== Segment start ==
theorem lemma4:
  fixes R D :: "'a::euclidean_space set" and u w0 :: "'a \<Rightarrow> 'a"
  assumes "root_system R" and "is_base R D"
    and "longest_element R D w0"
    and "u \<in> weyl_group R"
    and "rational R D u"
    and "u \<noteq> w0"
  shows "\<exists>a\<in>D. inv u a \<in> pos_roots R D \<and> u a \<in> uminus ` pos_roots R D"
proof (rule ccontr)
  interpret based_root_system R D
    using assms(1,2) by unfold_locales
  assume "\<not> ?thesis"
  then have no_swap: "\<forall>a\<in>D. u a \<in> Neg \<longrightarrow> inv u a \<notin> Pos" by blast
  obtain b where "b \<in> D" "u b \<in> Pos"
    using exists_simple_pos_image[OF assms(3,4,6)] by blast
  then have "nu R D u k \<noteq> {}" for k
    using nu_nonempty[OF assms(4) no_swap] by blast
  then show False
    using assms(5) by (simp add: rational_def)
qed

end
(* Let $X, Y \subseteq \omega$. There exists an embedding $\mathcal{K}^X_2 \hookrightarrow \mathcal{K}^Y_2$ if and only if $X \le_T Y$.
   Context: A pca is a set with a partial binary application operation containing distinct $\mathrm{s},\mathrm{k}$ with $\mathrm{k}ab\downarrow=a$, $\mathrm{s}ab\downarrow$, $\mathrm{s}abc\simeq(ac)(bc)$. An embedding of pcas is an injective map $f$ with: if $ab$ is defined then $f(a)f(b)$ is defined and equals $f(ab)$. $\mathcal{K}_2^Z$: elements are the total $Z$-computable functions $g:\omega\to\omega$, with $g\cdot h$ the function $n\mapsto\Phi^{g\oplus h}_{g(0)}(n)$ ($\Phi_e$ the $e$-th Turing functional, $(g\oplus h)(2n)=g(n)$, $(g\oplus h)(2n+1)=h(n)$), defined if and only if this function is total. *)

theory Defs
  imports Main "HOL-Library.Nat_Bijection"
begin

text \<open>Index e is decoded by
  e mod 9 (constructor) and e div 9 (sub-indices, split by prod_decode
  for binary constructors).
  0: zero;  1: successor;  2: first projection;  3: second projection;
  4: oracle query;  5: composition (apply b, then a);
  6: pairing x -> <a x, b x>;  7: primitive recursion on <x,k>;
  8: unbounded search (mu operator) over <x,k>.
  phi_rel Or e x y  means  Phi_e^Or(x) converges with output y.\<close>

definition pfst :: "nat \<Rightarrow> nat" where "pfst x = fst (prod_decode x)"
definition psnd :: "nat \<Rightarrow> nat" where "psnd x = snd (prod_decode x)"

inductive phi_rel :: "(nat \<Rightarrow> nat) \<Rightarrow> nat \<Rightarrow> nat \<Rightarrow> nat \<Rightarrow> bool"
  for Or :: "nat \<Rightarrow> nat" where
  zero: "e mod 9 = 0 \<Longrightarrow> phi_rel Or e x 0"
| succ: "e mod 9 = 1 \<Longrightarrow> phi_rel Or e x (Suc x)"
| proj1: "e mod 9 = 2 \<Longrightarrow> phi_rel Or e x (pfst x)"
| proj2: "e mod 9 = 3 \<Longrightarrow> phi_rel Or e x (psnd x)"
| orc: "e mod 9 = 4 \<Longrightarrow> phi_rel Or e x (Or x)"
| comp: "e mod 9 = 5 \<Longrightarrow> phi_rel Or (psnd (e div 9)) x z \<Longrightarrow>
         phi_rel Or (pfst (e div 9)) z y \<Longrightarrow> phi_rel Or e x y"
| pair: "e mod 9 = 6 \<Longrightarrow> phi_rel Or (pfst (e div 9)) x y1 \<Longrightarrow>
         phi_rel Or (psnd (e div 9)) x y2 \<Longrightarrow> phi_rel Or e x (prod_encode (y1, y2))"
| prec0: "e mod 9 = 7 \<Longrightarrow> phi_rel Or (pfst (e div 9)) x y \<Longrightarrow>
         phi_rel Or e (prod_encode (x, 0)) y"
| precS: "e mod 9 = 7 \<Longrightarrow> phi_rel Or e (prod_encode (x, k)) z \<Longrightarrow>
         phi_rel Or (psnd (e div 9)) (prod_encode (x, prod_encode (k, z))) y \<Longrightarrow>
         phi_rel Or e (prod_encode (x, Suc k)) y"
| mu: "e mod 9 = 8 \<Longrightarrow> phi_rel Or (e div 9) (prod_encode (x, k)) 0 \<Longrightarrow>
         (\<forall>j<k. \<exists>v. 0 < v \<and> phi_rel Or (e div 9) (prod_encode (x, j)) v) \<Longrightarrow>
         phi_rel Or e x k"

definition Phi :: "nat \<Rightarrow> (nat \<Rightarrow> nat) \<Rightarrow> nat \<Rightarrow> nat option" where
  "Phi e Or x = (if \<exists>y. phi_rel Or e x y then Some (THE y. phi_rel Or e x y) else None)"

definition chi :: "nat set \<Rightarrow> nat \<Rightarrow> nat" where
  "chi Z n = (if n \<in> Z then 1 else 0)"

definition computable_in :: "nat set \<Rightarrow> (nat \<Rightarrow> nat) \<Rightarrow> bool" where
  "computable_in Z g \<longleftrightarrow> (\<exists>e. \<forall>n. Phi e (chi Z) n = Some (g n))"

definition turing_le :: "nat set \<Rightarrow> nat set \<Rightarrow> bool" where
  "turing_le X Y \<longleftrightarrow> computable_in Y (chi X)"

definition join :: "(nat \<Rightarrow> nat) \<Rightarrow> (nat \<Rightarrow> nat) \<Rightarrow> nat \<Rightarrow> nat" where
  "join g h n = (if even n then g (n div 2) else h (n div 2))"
== Segment end ==
== Segment start ==
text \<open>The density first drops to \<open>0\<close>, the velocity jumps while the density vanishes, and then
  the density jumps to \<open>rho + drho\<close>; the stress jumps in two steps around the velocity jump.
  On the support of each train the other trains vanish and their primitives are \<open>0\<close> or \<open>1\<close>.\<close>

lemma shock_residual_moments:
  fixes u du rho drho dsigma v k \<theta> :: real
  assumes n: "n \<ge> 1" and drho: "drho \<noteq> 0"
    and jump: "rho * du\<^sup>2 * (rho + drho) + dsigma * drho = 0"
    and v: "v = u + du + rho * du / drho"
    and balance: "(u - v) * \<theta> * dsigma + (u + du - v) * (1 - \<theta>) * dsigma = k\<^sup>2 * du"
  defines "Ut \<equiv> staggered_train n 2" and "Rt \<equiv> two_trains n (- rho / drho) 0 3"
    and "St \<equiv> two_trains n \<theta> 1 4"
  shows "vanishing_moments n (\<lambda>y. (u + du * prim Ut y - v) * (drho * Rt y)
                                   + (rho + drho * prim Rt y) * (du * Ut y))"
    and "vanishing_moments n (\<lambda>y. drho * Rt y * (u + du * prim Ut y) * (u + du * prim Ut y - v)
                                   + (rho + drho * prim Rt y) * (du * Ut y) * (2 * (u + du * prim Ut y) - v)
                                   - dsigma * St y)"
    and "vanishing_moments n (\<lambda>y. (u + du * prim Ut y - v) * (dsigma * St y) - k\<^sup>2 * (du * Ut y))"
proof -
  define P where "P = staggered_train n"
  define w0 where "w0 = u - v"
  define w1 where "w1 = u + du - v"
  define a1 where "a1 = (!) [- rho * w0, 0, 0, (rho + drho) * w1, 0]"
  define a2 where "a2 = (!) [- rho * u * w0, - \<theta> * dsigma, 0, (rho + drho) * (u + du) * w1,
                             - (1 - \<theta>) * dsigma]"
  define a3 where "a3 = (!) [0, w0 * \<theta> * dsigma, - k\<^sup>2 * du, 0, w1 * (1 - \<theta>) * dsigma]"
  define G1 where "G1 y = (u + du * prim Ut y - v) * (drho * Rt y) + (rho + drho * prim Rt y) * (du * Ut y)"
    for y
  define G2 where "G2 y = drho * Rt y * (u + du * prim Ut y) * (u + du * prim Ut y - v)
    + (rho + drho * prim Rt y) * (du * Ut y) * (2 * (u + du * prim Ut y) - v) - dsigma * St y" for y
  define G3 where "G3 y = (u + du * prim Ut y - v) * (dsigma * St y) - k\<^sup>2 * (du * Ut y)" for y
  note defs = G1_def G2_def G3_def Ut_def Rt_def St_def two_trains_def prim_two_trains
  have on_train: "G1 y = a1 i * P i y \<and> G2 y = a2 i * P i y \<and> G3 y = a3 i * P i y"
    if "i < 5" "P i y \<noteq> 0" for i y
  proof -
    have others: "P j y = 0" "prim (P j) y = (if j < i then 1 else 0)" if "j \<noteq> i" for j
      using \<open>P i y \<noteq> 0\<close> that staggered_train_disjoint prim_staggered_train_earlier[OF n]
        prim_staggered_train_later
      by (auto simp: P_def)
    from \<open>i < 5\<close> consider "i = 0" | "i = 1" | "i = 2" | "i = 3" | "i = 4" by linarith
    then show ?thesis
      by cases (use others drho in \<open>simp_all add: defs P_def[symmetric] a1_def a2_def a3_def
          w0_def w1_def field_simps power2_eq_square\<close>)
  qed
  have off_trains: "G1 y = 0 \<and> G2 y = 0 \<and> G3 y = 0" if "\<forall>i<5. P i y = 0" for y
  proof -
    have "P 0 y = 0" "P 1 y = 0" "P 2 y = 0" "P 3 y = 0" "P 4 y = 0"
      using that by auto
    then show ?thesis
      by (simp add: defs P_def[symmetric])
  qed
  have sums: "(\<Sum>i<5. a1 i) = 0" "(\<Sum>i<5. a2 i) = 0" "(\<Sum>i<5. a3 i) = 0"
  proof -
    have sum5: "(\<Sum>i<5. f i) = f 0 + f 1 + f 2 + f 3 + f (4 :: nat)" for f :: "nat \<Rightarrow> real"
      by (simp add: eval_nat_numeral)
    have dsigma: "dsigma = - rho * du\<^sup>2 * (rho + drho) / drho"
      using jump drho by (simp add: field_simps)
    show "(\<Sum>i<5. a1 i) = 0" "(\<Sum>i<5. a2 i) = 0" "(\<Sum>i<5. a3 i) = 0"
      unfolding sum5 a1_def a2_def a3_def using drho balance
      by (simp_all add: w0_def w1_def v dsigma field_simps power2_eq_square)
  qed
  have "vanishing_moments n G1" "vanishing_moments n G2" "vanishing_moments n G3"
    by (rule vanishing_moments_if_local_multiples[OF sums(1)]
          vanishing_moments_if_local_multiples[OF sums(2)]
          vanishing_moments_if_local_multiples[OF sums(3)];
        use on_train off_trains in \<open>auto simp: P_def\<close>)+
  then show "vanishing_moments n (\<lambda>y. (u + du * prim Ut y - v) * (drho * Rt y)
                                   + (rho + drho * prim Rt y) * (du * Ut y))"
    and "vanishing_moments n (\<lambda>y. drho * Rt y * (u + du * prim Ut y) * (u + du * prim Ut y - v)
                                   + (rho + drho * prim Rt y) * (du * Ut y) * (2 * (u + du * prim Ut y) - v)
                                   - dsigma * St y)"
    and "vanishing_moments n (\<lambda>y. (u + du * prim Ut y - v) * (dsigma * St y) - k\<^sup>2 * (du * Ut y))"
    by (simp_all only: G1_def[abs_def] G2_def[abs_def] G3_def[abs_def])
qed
== Segment end ==
= WHAT THIS TASK INVOLVES =
Wherever the word "jumps" appears in the entries above, copy that whole line.

= RESPONSE TO THIS TASK =
text \<open>The density first drops to \<open>0\<close>, the velocity jumps while the density vanishes, and then
  the density jumps to \<open>rho + drho\<close>; the stress jumps in two steps around the velocity jump.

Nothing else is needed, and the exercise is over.